_Instructions to follow_. Please copy out every line in the records below that includes the word "bounded".

_Extracted records_.
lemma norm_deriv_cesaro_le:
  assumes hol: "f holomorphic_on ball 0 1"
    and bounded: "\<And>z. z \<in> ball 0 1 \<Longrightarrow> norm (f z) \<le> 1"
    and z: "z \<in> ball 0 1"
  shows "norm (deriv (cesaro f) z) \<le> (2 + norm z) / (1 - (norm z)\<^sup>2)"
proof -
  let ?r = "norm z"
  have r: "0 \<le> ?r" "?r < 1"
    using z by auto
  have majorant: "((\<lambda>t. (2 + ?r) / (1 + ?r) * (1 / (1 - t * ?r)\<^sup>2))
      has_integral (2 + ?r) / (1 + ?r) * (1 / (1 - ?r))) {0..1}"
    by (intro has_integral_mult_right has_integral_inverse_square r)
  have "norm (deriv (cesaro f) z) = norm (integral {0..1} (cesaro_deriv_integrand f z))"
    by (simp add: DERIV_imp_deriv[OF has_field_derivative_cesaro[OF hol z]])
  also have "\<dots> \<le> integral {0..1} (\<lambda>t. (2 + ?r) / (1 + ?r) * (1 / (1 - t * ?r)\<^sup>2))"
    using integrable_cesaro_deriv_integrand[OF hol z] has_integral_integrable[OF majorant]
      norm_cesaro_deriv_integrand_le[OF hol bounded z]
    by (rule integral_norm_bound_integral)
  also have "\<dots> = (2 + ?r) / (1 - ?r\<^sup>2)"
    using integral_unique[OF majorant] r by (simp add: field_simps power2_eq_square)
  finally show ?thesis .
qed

_Output for this exercise_.
    and bounded: "\<And>z. z \<in> ball 0 1 \<Longrightarrow> norm (f z) \<le> 1"
      norm_cesaro_deriv_integrand_le[OF hol bounded z]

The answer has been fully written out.